--- DATA FOR THE TASK Enclosed Below ---

(* Let $U:\mathbb{R}\to\mathbb{R}$ be a twice continuously differentiable potential energy function with several stable solutions (local minimizers), let $y_{+}$ denote the largest stable solution of $U$, and assume that $y_{+}$ is the unique global minimizer of $U$, i.e. $U(y_{+})<U(y)$ for all $y\neq y_{+}$. Let $D>0$ be a constant coupling strength and $x_{\max}>0$. Then there is no pot-shaped stationary solution, i.e. there is no twice differentiable function $y:[-x_{\max},x_{\max}]\to\mathbb{R}$ satisfying $$0=-U'(y(x))+D\,y''(x)\quad\text{for } x\in(-x_{\max},x_{\max}),\qquad y(\pm x_{\max})=y_{+},$$ together with $y(0)<y(\pm x_{\max})$ and $y'(x)\ge 0$ for all $x\in(0,x_{\max})$.
   Context: The setting is the spatially-coupled dynamical system $\partial y/\partial t=-U'(y)+D\,\partial^{2}y/\partial x^{2}$ for $x\in(-x_{\max},x_{\max})$, $t\ge 0$, with boundary condition $y(\pm x_{\max},t)=y_{+}$, where the coupling function $D>0$ is a constant independent of $y$. A stationary solution is a function $y(x)$ satisfying $0=-U'(y)+D\,y''$ on $(-x_{\max},x_{\max})$ with $y(\pm x_{\max})=y_{+}$. A stable solution of $U$ means a local minimizer of $U$. A stationary solution $y(x)$ is called pot-shaped if (i) $y(0)<y(\pm x_{\max})$ and (ii) $dy/dx\ge 0$ for $x>0$. *)

theory Defs
  imports "HOL-Analysis.Analysis"
begin

definition local_minimizer :: "(real \<Rightarrow> real) \<Rightarrow> real \<Rightarrow> bool" where
  "local_minimizer U y \<longleftrightarrow> (\<exists>e>0. \<forall>z. \<bar>z - y\<bar> < e \<longrightarrow> U y \<le> U z)"

definition stationary_solution ::
  "(real \<Rightarrow> real) \<Rightarrow> real \<Rightarrow> real \<Rightarrow> real \<Rightarrow>
   (real \<Rightarrow> real) \<Rightarrow> (real \<Rightarrow> real) \<Rightarrow> (real \<Rightarrow> real) \<Rightarrow> bool" where
  "stationary_solution U' D xmax yp y y1 y2 \<longleftrightarrow>
     (\<forall>x\<in>{-xmax..xmax}. (y has_real_derivative y1 x) (at x within {-xmax..xmax})
                       \<and> (y1 has_real_derivative y2 x) (at x within {-xmax..xmax})) \<and>
     (\<forall>x\<in>{-xmax<..<xmax}. 0 = - U' (y x) + D * y2 x) \<and>
     y (-xmax) = yp \<and> y xmax = yp"

definition pot_shaped ::
  "real \<Rightarrow> (real \<Rightarrow> real) \<Rightarrow> (real \<Rightarrow> real) \<Rightarrow> bool" where
  "pot_shaped xmax y y1 \<longleftrightarrow>
     y 0 < y xmax \<and> y 0 < y (-xmax) \<and> (\<forall>x\<in>{0<..<xmax}. y1 x \<ge> 0)"

end

theory Submission
  imports Defs
begin

(* Suppose y is a pot-shaped stationary solution with boundary
   value y+.  Since y(0) < y+, the minimum of y on [-xmax, xmax] is attained at an
   interior point m, where y'(m) = 0 and y(m) < y+.  Multiplying the stationary
   equation D y'' = U'(y) by y' shows that the "energy" E = D/2 y'^2 - U(y) is a first
   integral, hence E(m) = E(xmax), i.e.  -U(y m) = D/2 y'(xmax)^2 - U(y+) >= -U(y+). *)

lemma interior_min_critical:
  fixes f f' :: "real \<Rightarrow> real" and a b c :: real
  assumes deriv: "\<And>x. x \<in> {a..b} \<Longrightarrow> (f has_real_derivative f' x) (at x within {a..b})"
    and c: "c \<in> {a..b}" and below: "f c < f a" "f c < f b"
  obtains m where "m \<in> {a<..<b}" "f m \<le> f c" "f' m = 0"
proof -
  have "continuous_on {a..b} f" using deriv by (rule DERIV_continuous_on)
  then obtain m where m: "m \<in> {a..b}" and fmin: "\<forall>z\<in>{a..b}. f m \<le> f z"
    using continuous_attains_inf[OF compact_Icc] c by blast
  have fmc: "f m \<le> f c" using fmin c by blast
  with below m have m_int: "a < m" "m < b" by (auto simp: less_le)
  have fderiv: "(f has_real_derivative f' m) (at m)"
    using deriv[OF m] by (simp add: at_within_Icc_at m_int)
  have local_min: "\<forall>z. \<bar>m - z\<bar> < min (m - a) (b - m) \<longrightarrow> f m \<le> f z"
    using fmin by (auto simp: abs_less_iff)
  have "f' m = 0"
    by (rule DERIV_local_min[OF fderiv _ local_min]) (use m_int in simp)
  with m_int fmc show thesis using that by simp
qed

lemma energy_conservation:
  fixes U U' y y1 y2 :: "real \<Rightarrow> real" and D a b s t :: real
  assumes U_deriv: "\<And>z. (U has_real_derivative U' z) (at z)"
    and dy: "\<And>x. x \<in> {a..b} \<Longrightarrow> (y has_real_derivative y1 x) (at x within {a..b})"
    and dy1: "\<And>x. x \<in> {a..b} \<Longrightarrow> (y1 has_real_derivative y2 x) (at x within {a..b})"
    and ode: "\<And>x. x \<in> {a<..<b} \<Longrightarrow> D * y2 x = U' (y x)"
    and s: "s \<in> {a..b}" and t: "t \<in> {a..b}"
  shows "D / 2 * (y1 s)\<^sup>2 - U (y s) = D / 2 * (y1 t)\<^sup>2 - U (y t)"
proof -
  define E where "E x = D / 2 * (y1 x)\<^sup>2 - U (y x)" for x
  have "E x = E a" if x: "x \<in> {a..b}" for x
  proof (cases "a < b")
    case True
    have cU: "continuous_on UNIV U"
      using U_deriv by (meson DERIV_continuous continuous_at_imp_continuous_on)
    have "continuous_on {a..b} E" unfolding E_def
      using DERIV_continuous_on[OF dy] DERIV_continuous_on[OF dy1]
      by (intro continuous_intros continuous_on_compose2[OF cU]) auto
    moreover have "DERIV E x :> 0" if "a < x" "x < b" for x
    proof -
      have d1: "DERIV y x :> y1 x" and d2: "DERIV y1 x :> y2 x"
        using dy[of x] dy1[of x] that by (auto simp: at_within_Icc_at)
      have "DERIV E x :> D / 2 * (2 * y1 x * y2 x) - U' (y x) * y1 x"
        unfolding E_def
        using DERIV_power[OF d2, of 2] DERIV_chain2[OF U_deriv d1]
        by (intro DERIV_diff DERIV_cmult) (simp_all add: mult_ac)
      moreover have "D / 2 * (2 * y1 x * y2 x) - U' (y x) * y1 x = 0"
        using ode[of x] that by (simp add: algebra_simps)
      ultimately show ?thesis by (simp only:)
    qed
    ultimately show ?thesis using DERIV_isconst2[OF True] x by auto
  next
    case False
    with x have "x = a" by simp
    then show ?thesis by simp
  qed
  from this[OF s] this[OF t] show ?thesis unfolding E_def by simp
qed

theorem theorem1:
  fixes U U' U'' :: "real \<Rightarrow> real" and yp D xmax :: real
  assumes U_deriv: "\<And>z. (U has_real_derivative U' z) (at z)"
    and U'_deriv: "\<And>z. (U' has_real_derivative U'' z) (at z)"
    and U''_cont: "continuous_on UNIV U''"
    and several: "\<exists>a b. a \<noteq> b \<and> local_minimizer U a \<and> local_minimizer U b"
    and yp_stable: "local_minimizer U yp"
    and yp_largest: "\<And>z. local_minimizer U z \<Longrightarrow> z \<le> yp"
    and yp_global: "\<And>z. z \<noteq> yp \<Longrightarrow> U yp < U z"
    and D_pos: "D > 0"
    and xmax_pos: "xmax > 0"
  shows "\<not> (\<exists>y y1 y2. stationary_solution U' D xmax yp y y1 y2 \<and> pot_shaped xmax y y1)"
proof
  assume "\<exists>y y1 y2. stationary_solution U' D xmax yp y y1 y2 \<and> pot_shaped xmax y y1"
  then obtain y y1 y2 where
        dy: "\<And>x. x \<in> {-xmax..xmax} \<Longrightarrow> (y has_real_derivative y1 x) (at x within {-xmax..xmax})"
    and dy1: "\<And>x. x \<in> {-xmax..xmax} \<Longrightarrow> (y1 has_real_derivative y2 x) (at x within {-xmax..xmax})"
    and ode: "\<And>x. x \<in> {-xmax<..<xmax} \<Longrightarrow> D * y2 x = U' (y x)"
    and bdry: "y (-xmax) = yp" "y xmax = yp" and dip: "y 0 < yp"
    unfolding stationary_solution_def pot_shaped_def by fastforce
  obtain m where m: "m \<in> {-xmax<..<xmax}" "y m \<le> y 0" "y1 m = 0"
    using interior_min_critical[OF dy, of 0] xmax_pos dip bdry by auto
  have "D / 2 * (y1 m)\<^sup>2 - U (y m) = D / 2 * (y1 xmax)\<^sup>2 - U (y xmax)"
    using energy_conservation[OF U_deriv dy dy1 ode] m(1) xmax_pos by simp
  moreover have "0 \<le> D / 2 * (y1 xmax)\<^sup>2" using D_pos by simp
  ultimately have "U (y m) \<le> U yp" using m(3) bdry(2) by simp
  moreover have "y m \<noteq> yp" using m(2) dip by simp
  ultimately show False using yp_global[of "y m"] by simp
qed

end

--- End of Enclosed DATA FOR THE TASK ---

WHAT TO WORK ON: Each line of the data that includes "shows" should be copied.

FINISHED TASK:
   equation D y'' = U'(y) by y' shows that the "energy" E = D/2 y'^2 - U(y) is a first
  shows "D / 2 * (y1 s)\<^sup>2 - U (y s) = D / 2 * (y1 t)\<^sup>2 - U (y t)"
  shows "\<not> (\<exists>y y1 y2. stationary_solution U' D xmax yp y y1 y2 \<and> pot_shaped xmax y y1)"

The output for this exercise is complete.